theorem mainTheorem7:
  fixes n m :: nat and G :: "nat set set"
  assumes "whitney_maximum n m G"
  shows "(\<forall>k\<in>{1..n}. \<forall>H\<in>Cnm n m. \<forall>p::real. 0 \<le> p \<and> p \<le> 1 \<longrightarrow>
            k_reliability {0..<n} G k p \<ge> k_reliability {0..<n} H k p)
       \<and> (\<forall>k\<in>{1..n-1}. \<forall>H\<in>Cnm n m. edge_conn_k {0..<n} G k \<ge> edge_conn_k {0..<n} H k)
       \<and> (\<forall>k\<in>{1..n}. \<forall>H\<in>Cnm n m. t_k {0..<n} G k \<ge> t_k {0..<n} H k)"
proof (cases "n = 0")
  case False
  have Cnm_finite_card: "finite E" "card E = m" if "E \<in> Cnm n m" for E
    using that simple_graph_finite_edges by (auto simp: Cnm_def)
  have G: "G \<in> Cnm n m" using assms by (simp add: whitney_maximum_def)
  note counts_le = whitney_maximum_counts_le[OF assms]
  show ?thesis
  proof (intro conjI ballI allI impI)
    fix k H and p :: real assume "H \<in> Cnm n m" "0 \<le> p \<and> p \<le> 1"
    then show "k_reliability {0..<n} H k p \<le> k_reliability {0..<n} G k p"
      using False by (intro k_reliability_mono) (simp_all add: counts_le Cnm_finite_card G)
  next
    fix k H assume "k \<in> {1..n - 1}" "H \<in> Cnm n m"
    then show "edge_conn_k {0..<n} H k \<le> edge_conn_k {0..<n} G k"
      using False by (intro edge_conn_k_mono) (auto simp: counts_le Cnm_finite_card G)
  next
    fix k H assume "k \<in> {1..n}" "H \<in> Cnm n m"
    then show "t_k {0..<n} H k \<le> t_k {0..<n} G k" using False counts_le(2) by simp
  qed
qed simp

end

# BRIEF
Going through the data, tally the lines containing "real" and report only the result.

# ANSWER TO THIS EXERCISE
2